I’m a sucker for films that begin with a child cowering under the sheets as some terrifying creature of the night crawls out from the closet or from under the bed. I got an unexpected double dose of that this weekend because I coincidentally watched both They and The Crooked Man. But do these two films deliver the same situation as Darkness Falls – amazing intro scene involving a child followed by run-of-the-mill monster movie featuring adults?
THEY (2002)
The director of the 1986 classic The Hitcher returns to scare us again almost two decades later, so, well…he’s kind of rusty. Interestingly, it’s hard not to look at this one as a Darkness Falls rip-off. Hell, just as Anya from Buffy was in that one, Riley from Buffy is in this one! However, Darkness Falls would have to wear the copycat title, because They came out a year before it!
“Just let me get Buffy! She’ll know what to do!”
They has a great intro scene – scared kid in room at night hides under blanket is terrorized by some sort of monster.
Years later, a young woman (Laura Regan of Dead Silence, My Little Eye and How To Be a Serial Killer) reconnects with her childhood friend…the kid from the beginning. He’s now a mess, convinced night creatures are still after him, requiring him to stay in the light at all times. Since the young woman is a psychology student and also experience night terrors, she begins to research the possibility that these creatures are real, and that they drag young children to another dimension.
What actually drags is this movie. Basically a bunch of people that had night terrors as children just sit around moping about how it ruined their lives…until they get stuck in a dark situation and are killed. All the atmosphere feels forced and manufactured, there are too many cheap scares, and all we really see of the creatures are CGI flashes of their spidery forms.
What not to do when you hear a strange sound in a vent after learning all your friends who also had night terrors as children are dying mysteriously.
Eventually, the main girl does her best to stay in the light, which isn’t easy to do since these creatures can apparently just fuck with electricity whenever they want to make it dark for their convenience. On the bright side, the ending is depressingly fatalistic.
CROOKED MAN (2016)
Another horror veteran, the director of YellowBrickRoad, brings us a slightly more thrilling creature of the dark with The Crooked Man. Although it’s a SyFy original for October 2016, it’s a pretty fun flick to get you in the Halloween spirit.
This opener kicks ass. During a sleepover, young girls take on an Internet challenge of singing a song rumored to kill you. Thunder and lighting set the scene as…Crooked Man rise from the darkness!
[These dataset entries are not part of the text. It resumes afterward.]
lemma circumscribed_lattice_width:
  assumes empty: "{z. int_vec z} \<inter> convex hull {p0, p1, p2} = {p0, p1, p2}"
    and nondeg: "cross2 (p1 - p0) (p2 - p0) \<noteq> 0"
    and x: "0 < x0" "x0 < 1" "0 < x1" "x1 < 1" "0 < x2" "x2 < 1"
  shows "lattice_width (convex hull {q0, q1, q2}) =
           Inf {max \<bar>x0 * of_int y0 + (1 - x1) * of_int y1\<bar>
                   (max \<bar>x1 * of_int y1 + (1 - x2) * of_int y2\<bar>
                        \<bar>x2 * of_int y2 + (1 - x0) * of_int y0\<bar>)
                | y0 y1 y2 :: int. (y0, y1, y2) \<noteq> (0, 0, 0) \<and> y0 + y1 + y2 = 0}
           / (x0 * x1 * x2 + (1 - x0) * (1 - x1) * (1 - x2))"
proof -
  define X where "X = x0 * x1 * x2 + (1 - x0) * (1 - x1) * (1 - x2)"
  have "0 < X" using x unfolding X_def by (simp add: add_pos_nonneg)
  let ?U = "{u::real^2. int_vec u \<and> u \<noteq> 0}"
  let ?w = "width_fun (convex hull {q0, q1, q2})"
  have "max \<bar>x0 * (u \<bullet> p1 - u \<bullet> p2) + (1 - x1) * (u \<bullet> p2 - u \<bullet> p0)\<bar>
          (max \<bar>x1 * (u \<bullet> p2 - u \<bullet> p0) + (1 - x2) * (u \<bullet> p0 - u \<bullet> p1)\<bar>
               \<bar>x2 * (u \<bullet> p0 - u \<bullet> p1) + (1 - x0) * (u \<bullet> p1 - u \<bullet> p2)\<bar>) = X * ?w u" for u
  proof -
    have "\<bar>X * (u \<bullet> q0 - u \<bullet> q1)\<bar> = X * \<bar>u \<bullet> q1 - u \<bullet> q0\<bar>"
      "\<bar>X * (u \<bullet> q1 - u \<bullet> q2)\<bar> = X * \<bar>u \<bullet> q2 - u \<bullet> q1\<bar>"
      "\<bar>X * (u \<bullet> q2 - u \<bullet> q0)\<bar> = X * \<bar>u \<bullet> q0 - u \<bullet> q2\<bar>"
      using \<open>0 < X\<close> by (simp_all add: abs_mult abs_minus_commute)
    then show ?thesis
      using \<open>0 < X\<close> unfolding circumscribed_edge_values[of u, folded X_def] width_fun_triangle
      by (simp add: max_mult_distrib_left)
  qed
  then have "Inf {max \<bar>x0 * of_int y0 + (1 - x1) * of_int y1\<bar>
                   (max \<bar>x1 * of_int y1 + (1 - x2) * of_int y2\<bar>
                        \<bar>x2 * of_int y2 + (1 - x0) * of_int y0\<bar>)
                | y0 y1 y2 :: int. (y0, y1, y2) \<noteq> (0, 0, 0) \<and> y0 + y1 + y2 = 0}
           = Inf ((\<lambda>x. X * x) ` (?w ` ?U))"
    using zero_sum_int_triples_eq_edge_values[OF empty nondeg, of "\<lambda>a b c.
            max \<bar>x0 * a + (1 - x1) * b\<bar> (max \<bar>x1 * b + (1 - x2) * c\<bar> \<bar>x2 * c + (1 - x0) * a\<bar>)"]
    by (simp add: image_image)
  also have "\<dots> = X * lattice_width (convex hull {q0, q1, q2})"
  proof (unfold lattice_width_def, rule Inf_mult_left_image[OF \<open>0 < X\<close>])
    have "(vector [1, 0] :: real^2) \<in> ?U" by (auto simp: int_vec_real2 vec_eq_iff forall_2)
    then show "?w ` ?U \<noteq> {}" by blast
    show "bdd_below (?w ` ?U)" by (rule bdd_belowI2[of _ 0]) (simp add: width_fun_triangle)
  qed
  finally show ?thesis using \<open>0 < X\<close> by (simp add: X_def)
qed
He’s pretty much a combo of Slender Man and The Babadook if you ask me, with the jerky CGI movement so popular in supernatural horror films these days. In other words, he delivers some good, cheesy chills.
Six years later, one of the girls from that deadly sleepover is now an adult…and everyone believes she got away with murder after what happened that night. As she tries to convince anyone who will listen that it was the work of a monster, she has a run in with a Buffy alum! I’m not even kidding. Tara makes a disappointingly brief appearance in the film. Anyway, the main girl figures out that Crooked Man can only get you if you’re in the dark. No one will listen so everyone from the sleepover begins dying.
While an old music box is a cool link between the cyber song urban legend and the past, the downside of The Crooked Man is the addition of a tribal curse backstory and a ridiculous moment when the main girl and the cute guy she hooks up with (gotta have a romance) enter a house from her dreams that suddenly materializes in a fantasy field. Ugh. But at least the inside of the house is creepy, and that’s where the final confrontation with Crooked Man takes place.
Crooked Man himself is a much better presence than the creatures from They, and this film goes for a simple, slasher-like structure that delivers some cool kills and gore—another reminder of just how lame They is.